The algorithm uses a nested loop to fill the dp table, where the outer loop iterates n times (length of text1) and the inner loop iterates m times (length of text2). Inside the inner loop, we perform constant-time operations: comparing characters and updating the dp table. Therefore, the time complexity is O(n*m), where n and m are the lengths of the input strings.

Space Complexity

The algorithm uses a 2D array dp of size (n+1) x (m+1) to store the lengths of the LCS for different prefixes of the input strings. Therefore, the space complexity is O(n*m). In practice, this space complexity can be a concern for very large input strings. However, there are some techniques to optimize the space complexity, such as using only two rows of the dp table at a time, which reduces the space complexity to O(min(n, m)). However, this optimization makes the code harder to read and maintain.

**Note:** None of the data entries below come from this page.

lemma nn_integral_prior_dens:
  assumes [measurable]: "h \<in> borel_measurable borel"
    and h_nonneg: "\<And>x. 0 \<le> h x" and h_prob: "(\<integral>\<^sup>+x. ennreal (h x) \<partial>lborel) = 1"
    and \<sigma>: "\<sigma> > 0"
  shows "(\<integral>\<^sup>+\<theta>. ennreal (prior_dens h \<sigma> \<theta>) \<partial>lborel) = 1"
proof -
  have "(\<integral>\<^sup>+\<theta>. ennreal (prior_dens h \<sigma> \<theta>) \<partial>lborel)
      = ennreal \<bar>\<sigma>\<bar> * (\<integral>\<^sup>+x. ennreal (prior_dens h \<sigma> (0 + \<sigma> * x)) \<partial>lborel)"
    using \<sigma> by (intro nn_integral_real_affine) auto
  also have "\<dots> = ennreal \<sigma> * (\<integral>\<^sup>+x. ennreal (1 / \<sigma>) * ennreal (h x) \<partial>lborel)"
    using \<sigma> h_nonneg by (simp add: prior_dens_def ennreal_mult[symmetric])
  also have "\<dots> = 1"
    using \<sigma> by (simp add: nn_integral_cmult h_prob ennreal_mult[symmetric])
  finally show ?thesis .
qed

lemma prior_dens_ge:
  assumes symm: "\<And>x. h (- x) = h x"
    and decr: "\<And>x y. 0 \<le> x \<Longrightarrow> x \<le> y \<Longrightarrow> h y \<le> h x"
    and \<sigma>: "\<sigma> > 0" and \<theta>: "\<bar>\<theta>\<bar> \<le> b"
  shows "h (b / \<sigma>) / \<sigma> \<le> prior_dens h \<sigma> \<theta>"
proof -
  have "h (\<theta> / \<sigma>) = h \<bar>\<theta> / \<sigma>\<bar>"
    by (cases "\<theta> / \<sigma> \<ge> 0") (auto simp: symm abs_if)
  moreover have "h (b / \<sigma>) \<le> h \<bar>\<theta> / \<sigma>\<bar>"
    using \<theta> \<sigma> by (intro decr) (auto simp: divide_right_mono)
  ultimately show ?thesis
    unfolding prior_dens_def using \<sigma> by (simp add: divide_right_mono)
qed

lemma nn_integral_post_exp_tilt_le:
  fixes h :: "real \<Rightarrow> real"
  assumes meas: "h \<in> borel_measurable borel"
    and dens: "has_bochner_integral lborel h 1"
    and symm: "\<And>x. h (- x) = h x"
    and pos: "\<And>x. h x > 0"
    and decr: "\<And>x y. 0 \<le> x \<Longrightarrow> x \<le> y \<Longrightarrow> h y \<le> h x"
    and n: "n \<ge> 1" and \<sigma>: "\<sigma> > 0"
  shows "(\<integral>\<^sup>+ x. ennreal (normal_density \<theta>0 (1 / sqrt (real n)) x *
            post_exp h \<sigma> n (\<lambda>\<theta>. exp (t * sqrt (real n) * (\<theta> - x))) x) \<partial>lborel)
       \<le> ennreal (exp (1/2) * \<sigma> * sqrt (real n) / h ((\<bar>\<theta>0\<bar> + 1 / sqrt (real n)) / \<sigma>) *
            exp (t\<^sup>2 / 2))"
proof -
  define s where "s = 1 / sqrt (real n)"
  define y where "y = (\<bar>\<theta>0\<bar> + s) / \<sigma>"
  have s: "s > 0"
    using n by (simp add: s_def)
  have h_prob: "(\<integral>\<^sup>+x. ennreal (h x) \<partial>lborel) = 1"
    using dens pos by (simp add: has_bochner_integral_iff nn_integral_eq_integral less_imp_le)
  have prior_ge: "h y / \<sigma> \<le> prior_dens h \<sigma> \<theta>" if "\<theta> \<in> {\<theta>0 - s..\<theta>0 + s}" for \<theta>
    unfolding y_def using that by (intro prior_dens_ge[where h = h, OF symm decr \<sigma>]) auto
  have "(t * sqrt (real n))\<^sup>2 * s\<^sup>2 = t\<^sup>2"
    using n by (simp add: s_def power_mult_distrib power_divide)
  moreover have "(\<integral>\<^sup>+ x. ennreal (normal_density \<theta>0 s x *
          post_exp h \<sigma> n (\<lambda>\<theta>. exp (t * sqrt (real n) * (\<theta> - x))) x) \<partial>lborel)
      \<le> ennreal (exp (1/2) / (s * (h y / \<sigma>)) * exp ((t * sqrt (real n))\<^sup>2 * s\<^sup>2 / 2))"
    unfolding post_exp_def lik_def s_def[symmetric]
    using meas pos \<sigma> s prior_ge
    by (intro nn_integral_posterior_exp_tilt_le nn_integral_prior_dens h_prob prior_dens_nonneg)
       (auto intro: less_imp_le)
  ultimately show ?thesis
    by (simp add: s_def y_def mult_ac)
qed

lemma inverse_le_exp_of_ln_inverse_le:
  fixes u c L :: real
  assumes "u > 0" and "ln (1 / u) \<le> c * (1 + L)"
  shows "1 / u \<le> exp c * exp (c * L)"
proof -
  have "1 / u = exp (ln (1 / u))"
    using assms(1) by simp
  also have "\<dots> \<le> exp (c + c * L)"
    using assms(2) by (simp add: algebra_simps)
  finally show ?thesis
    by (simp add: exp_add)
qed

theorem mainTheorem4:
  fixes h :: "real \<Rightarrow> real" and c1 \<kappa> :: real
  assumes meas: "h \<in> borel_measurable borel"
    and dens: "has_bochner_integral lborel h 1"
    and symm: "\<And>x. h (- x) = h x"
    and pos: "\<And>x. h x > 0"
    and decr: "\<And>x y. 0 \<le> x \<Longrightarrow> x \<le> y \<Longrightarrow> h y \<le> h x"
    and c1: "c1 > 0" and \<kappa>: "\<kappa> \<ge> 0"
    and H2: "\<And>x. x \<ge> 0 \<Longrightarrow> ln (1 / h x) \<le> c1 * (1 + ln (1 + x) powr (1 + \<kappa>))"
  shows "\<exists>C>0. \<forall>(n::nat) t \<theta>0 \<sigma>. n \<ge> 1 \<longrightarrow> \<sigma> > 0 \<longrightarrow>
     (\<integral>\<^sup>+ x. ennreal (normal_density \<theta>0 (1 / sqrt (real n)) x *
          post_exp h \<sigma> n (\<lambda>\<theta>. exp (t * sqrt (real n) * (\<theta> - x))) x) \<partial>lborel)
     \<le> ennreal (C * \<sigma> * sqrt (real n) * exp (t\<^sup>2 / 2) *
          exp (c1 * ln (1 + (\<bar>\<theta>0\<bar> + 1 / sqrt (real n)) / \<sigma>) powr (1 + \<kappa>)))"
proof (intro exI[of _ "exp (1/2 + c1)"] conjI allI impI)
  show "exp (1/2 + c1) > 0"
    by simp
  fix n :: nat and t \<theta>0 \<sigma> :: real
  assume n: "n \<ge> 1" and \<sigma>: "\<sigma> > 0"
  define y where "y = (\<bar>\<theta>0\<bar> + 1 / sqrt (real n)) / \<sigma>"
  have inv_h: "1 / h y \<le> exp c1 * exp (c1 * ln (1 + y) powr (1 + \<kappa>))"
    using n \<sigma> by (intro inverse_le_exp_of_ln_inverse_le pos H2) (simp add: y_def)
  have "(\<integral>\<^sup>+ x. ennreal (normal_density \<theta>0 (1 / sqrt (real n)) x *
          post_exp h \<sigma> n (\<lambda>\<theta>. exp (t * sqrt (real n) * (\<theta> - x))) x) \<partial>lborel)
      \<le> ennreal (exp (1/2) * \<sigma> * sqrt (real n) * exp (t\<^sup>2 / 2) * (1 / h y))"
    using nn_integral_post_exp_tilt_le[OF meas dens symm pos decr n \<sigma>] by (simp add: y_def mult_ac)
  also have "\<dots> \<le> ennreal (exp (1/2) * \<sigma> * sqrt (real n) * exp (t\<^sup>2 / 2) *
      (exp c1 * exp (c1 * ln (1 + y) powr (1 + \<kappa>))))"
    using inv_h \<sigma> by (intro ennreal_leI mult_left_mono) auto
  finally show "(\<integral>\<^sup>+ x. ennreal (normal_density \<theta>0 (1 / sqrt (real n)) x *
          post_exp h \<sigma> n (\<lambda>\<theta>. exp (t * sqrt (real n) * (\<theta> - x))) x) \<partial>lborel)
     \<le> ennreal (exp (1/2 + c1) * \<sigma> * sqrt (real n) * exp (t\<^sup>2 / 2) *
          exp (c1 * ln (1 + (\<bar>\<theta>0\<bar> + 1 / sqrt (real n)) / \<sigma>) powr (1 + \<kappa>)))"
    by (simp add: y_def exp_add mult_ac)
qed

end
lemma g0_stretch_map:
  "g0 (stretch_map R) = 1 + integral {0..2*pi} (\<lambda>\<theta>. (deriv (\<lambda>t. ln (R t)) \<theta>)\<^sup>2) / (2*pi)"
proof -
  obtain N k where "negligible N" and deriv: "\<And>x. x \<notin> N \<Longrightarrow> (R has_real_derivative k x) (at x)"
    by (rule lipschitz_integral_of_derivative[OF R_lipschitz]) blast
  have "integral {0..2*pi} (a0 (stretch_map R))
      = integral {0..2*pi} (\<lambda>\<theta>. 1 + (deriv (\<lambda>t. ln (R t)) \<theta>)\<^sup>2)"
    using \<open>negligible N\<close>
    by (intro integral_spike[of "N \<union> {pi}"]) (auto simp: stretch_map_at_differentiable_point[OF deriv])
  also have "\<dots> = 2 * pi + integral {0..2*pi} (\<lambda>\<theta>. (deriv (\<lambda>t. ln (R t)) \<theta>)\<^sup>2)"
    by (subst integral_add[OF integrable_const_ivl deriv_ln_R_square_integrable]) simp
  finally show ?thesis
    unfolding g0_def by (simp add: add_divide_distrib)
qed

lemma g0_stretch_map_ge_1: "g0 (stretch_map R) \<ge> 1"
  unfolding g0_stretch_map using deriv_ln_R_square_integrable
  by (simp add: integral_nonneg)
definition linear_D :: "('k::field \<Rightarrow> 'a::ab_group_add \<Rightarrow> 'a) \<Rightarrow> ('a \<Rightarrow> 'a tensor2) \<Rightarrow> bool" where
  "linear_D scale D \<longleftrightarrow>
     (\<forall>x y. teq2 scale (D (x + y)) (D x @ D y)) \<and>
     (\<forall>c x. teq2 scale (D (scale c x)) [(scale c p, q). (p,q) \<leftarrow> D x])"

definition bihom_coassoc_coalg :: "('k::field \<Rightarrow> 'a::ab_group_add \<Rightarrow> 'a) \<Rightarrow> ('a \<Rightarrow> 'a tensor2)
    \<Rightarrow> ('a \<Rightarrow> 'a) \<Rightarrow> ('a \<Rightarrow> 'a) \<Rightarrow> bool" where
  "bihom_coassoc_coalg scale Delta psi omega \<longleftrightarrow>
     vector_space scale \<and> linear_D scale Delta \<and>
     Vector_Spaces.linear scale scale psi \<and> Vector_Spaces.linear scale scale omega \<and>
     psi \<circ> omega = omega \<circ> psi \<and>
     (\<forall>a. teq2 scale (tmap2 psi psi (Delta a)) (Delta (psi a))) \<and>
     (\<forall>a. teq2 scale (tmap2 omega omega (Delta a)) (Delta (omega a))) \<and>
     (\<forall>a. teq3 scale (D_tensor_map Delta psi (Delta a)) (map_tensor_D omega Delta (Delta a)))"

definition inf_bihom_bialg :: "('k::field \<Rightarrow> 'a::ab_group_add \<Rightarrow> 'a) \<Rightarrow> ('a \<Rightarrow> 'a \<Rightarrow> 'a)
    \<Rightarrow> ('a \<Rightarrow> 'a tensor2) \<Rightarrow> ('a \<Rightarrow> 'a) \<Rightarrow> ('a \<Rightarrow> 'a) \<Rightarrow> ('a \<Rightarrow> 'a) \<Rightarrow> ('a \<Rightarrow> 'a) \<Rightarrow> bool" where
  "inf_bihom_bialg scale mu Delta alpha beta psi omega \<longleftrightarrow>
     bihom_assoc_alg scale mu alpha beta \<and> bihom_coassoc_coalg scale Delta psi omega \<and>
     (\<forall>a b. teq2 scale (Delta (mu a b))
        ([(mu (omega a) b1, beta b2). (b1,b2) \<leftarrow> Delta b] @
         [(alpha a1, mu a2 (psi b)). (a1,a2) \<leftarrow> Delta a])) \<and>
     alpha \<circ> psi = psi \<circ> alpha \<and> alpha \<circ> omega = omega \<circ> alpha \<and>
     beta \<circ> psi = psi \<circ> beta \<and> beta \<circ> omega = omega \<circ> beta \<and>
     (\<forall>a. teq2 scale (tmap2 alpha alpha (Delta a)) (Delta (alpha a))) \<and>
     (\<forall>a. teq2 scale (tmap2 beta beta (Delta a)) (Delta (beta a))) \<and>
     multiplicative mu psi \<and> multiplicative mu omega"

definition Delta_r :: "('k::field \<Rightarrow> 'a \<Rightarrow> 'a) \<Rightarrow> ('a \<Rightarrow> 'a \<Rightarrow> 'a) \<Rightarrow> ('a \<Rightarrow> 'a) \<Rightarrow> ('a \<Rightarrow> 'a)
    \<Rightarrow> 'a tensor2 \<Rightarrow> 'a \<Rightarrow> 'a tensor2" where
  "Delta_r scale mu alpha beta r a =
     [(alpha x, mu y a). (x,y) \<leftarrow> r] @ neg2 scale [(mu a x, beta y). (x,y) \<leftarrow> r]"

definition r12r23 :: "('a \<Rightarrow> 'a \<Rightarrow> 'a) \<Rightarrow> ('a \<Rightarrow> 'a) \<Rightarrow> ('a \<Rightarrow> 'a) \<Rightarrow> 'a tensor2 \<Rightarrow> 'a tensor3" where
  "r12r23 mu alpha beta r = [(alpha xi, mu yi xj, beta yj). (xi,yi) \<leftarrow> r, (xj,yj) \<leftarrow> r]"

definition r13r12 :: "('a \<Rightarrow> 'a \<Rightarrow> 'a) \<Rightarrow> ('a \<Rightarrow> 'a) \<Rightarrow> ('a \<Rightarrow> 'a) \<Rightarrow> 'a tensor2 \<Rightarrow> 'a tensor3" where
  "r13r12 mu alpha beta r = [(mu xi xj, beta yj, beta yi). (xi,yi) \<leftarrow> r, (xj,yj) \<leftarrow> r]"

definition r23r13 :: "('a \<Rightarrow> 'a \<Rightarrow> 'a) \<Rightarrow> ('a \<Rightarrow> 'a) \<Rightarrow> ('a \<Rightarrow> 'a) \<Rightarrow> 'a tensor2 \<Rightarrow> 'a tensor3" where
  "r23r13 mu alpha beta r = [(alpha xi, alpha xj, mu yj yi). (xi,yi) \<leftarrow> r, (xj,yj) \<leftarrow> r]"

definition A_r :: "('k::field \<Rightarrow> 'a \<Rightarrow> 'a) \<Rightarrow> ('a \<Rightarrow> 'a \<Rightarrow> 'a) \<Rightarrow> ('a \<Rightarrow> 'a) \<Rightarrow> ('a \<Rightarrow> 'a)
    \<Rightarrow> 'a tensor2 \<Rightarrow> 'a tensor3" where
  "A_r scale mu alpha beta r =
     r13r12 mu alpha beta r @ neg3 scale (r12r23 mu alpha beta r) @ r23r13 mu alpha beta r"

definition act_left :: "('a \<Rightarrow> 'a \<Rightarrow> 'a) \<Rightarrow> ('a \<Rightarrow> 'a) \<Rightarrow> ('a \<Rightarrow> 'a) \<Rightarrow> 'a \<Rightarrow> 'a tensor3 \<Rightarrow> 'a tensor3" where
  "act_left mu alpha beta a t = [(mu (alpha a) x, beta y, beta z). (x,y,z) \<leftarrow> t]"

definition act_right :: "('a \<Rightarrow> 'a \<Rightarrow> 'a) \<Rightarrow> ('a \<Rightarrow> 'a) \<Rightarrow> ('a \<Rightarrow> 'a) \<Rightarrow> 'a tensor3 \<Rightarrow> 'a \<Rightarrow> 'a tensor3" where
  "act_right mu alpha beta t a = [(alpha x, alpha y, mu z (beta a)). (x,y,z) \<leftarrow> t]"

Applications of Longest Common Subsequence

The Longest Common Subsequence (LCS) problem has a wide range of applications in computer science and bioinformatics. Its ability to find similarities between sequences makes it a valuable tool in various domains.

Bioinformatics

In bioinformatics, LCS is used to compare DNA sequences and identify similarities between them. By finding the longest common subsequence of two DNA sequences, researchers can infer evolutionary relationships and identify conserved regions that may have important biological functions.

Text Comparison

LCS is also used in text comparison tools to find the similarities between two documents. For example, it can be used to identify plagiarism by finding the longest common subsequence between a student's paper and a collection of source documents. Similarly, it can be used to track changes in a document over time by finding the longest common subsequence between different versions of the document.

Data Compression

LCS can be used in data compression algorithms to identify redundant data. By finding the longest common subsequence between two files, we can store only the differences between the files, which can significantly reduce the storage space required. This technique is used in version control systems like Git to store the history of changes to a file efficiently.

Conclusion

The Longest Common Subsequence (LCS) problem is a fundamental problem in computer science with applications in bioinformatics, text comparison, and data compression. The dynamic programming approach provides an efficient way to solve this problem with a time complexity of O(n*m) and a space complexity of O(n*m). Understanding the LCS problem and its applications is a valuable skill for any computer scientist or software engineer. By mastering the dynamic programming technique used to solve this problem, you can tackle more complex sequence alignment and optimization problems in various domains. So, keep practicing, and happy coding, guys!